Records for this exercise
(* Let $\mathcal{G}=(\mathcal{V},\mathcal{E})$ be an undirected graph with $n$ nodes and $E$ edges, with incidence matrix $A\in\mathbb{R}^{n\times E}$. For each node $i$ let $f_i:\mathbb{R}\to\mathbb{R}$ be $M_i$-smooth and $\mu_i$-strongly convex, and let $F(\lambda)=\sum_{i=1}^n f_i^*(u_i^T A\lambda)$ for $\lambda\in\mathbb{R}^E$. Then for every $\lambda\in\mathbb{R}^E$, $$\|\nabla F(\lambda)\|_2=\|\nabla F(\lambda)\|_{A^+A}=\|\nabla F(\lambda)\|_{A^+A}^*.$$
   Context: The incidence matrix $A$ has, in each column $\ell$ (edge $\ell\equiv(i,j)$), one entry $+1$ and one entry $-1$ in the rows of the endpoints $i,j$ (signs arbitrary), and zeros elsewhere. $u_i$ is the $i$-th standard basis vector of $\mathbb{R}^n$; $f_i^*(y)=\sup_x(yx-f_i(x))$ is the Fenchel conjugate. $A^+$ denotes the Moore–Penrose pseudo-inverse of $A$. The semi-norm $\|x\|_{A^+A}$ is $(x^TA^+Ax)^{1/2}$, and its dual is $\|z\|_{A^+A}^*=\sup_{x\in\mathbb{R}^E}\{z^Tx : \|x\|_{A^+A}\le 1\}$. *)

theory Defs
  imports "HOL-Analysis.Analysis" "HOL-Library.Extended_Real"
begin

definition undirected_graph :: "('e \<Rightarrow> 'n set) \<Rightarrow> bool" where
  "undirected_graph ends \<longleftrightarrow> (\<forall>l. card (ends l) = 2) \<and> inj ends"

definition incidence_matrix :: "('e \<Rightarrow> 'n set) \<Rightarrow> real^'e^'n \<Rightarrow> bool" where
  "incidence_matrix ends A \<longleftrightarrow>
     (\<forall>l. \<exists>i j. ends l = {i, j} \<and> i \<noteq> j \<and> A$i$l = 1 \<and> A$j$l = -1 \<and>
                (\<forall>k. k \<noteq> i \<and> k \<noteq> j \<longrightarrow> A$k$l = 0))"

definition smooth_with :: "real \<Rightarrow> (real \<Rightarrow> real) \<Rightarrow> bool" where
  "smooth_with M f \<longleftrightarrow> (\<exists>f'. (\<forall>x. (f has_real_derivative f' x) (at x)) \<and>
       (\<forall>x y. \<bar>f' x - f' y\<bar> \<le> M * \<bar>x - y\<bar>))"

Instructions for the task
The reply should be nothing but the number of lines in the listing above that include "longleftrightarrow".

Answer section
3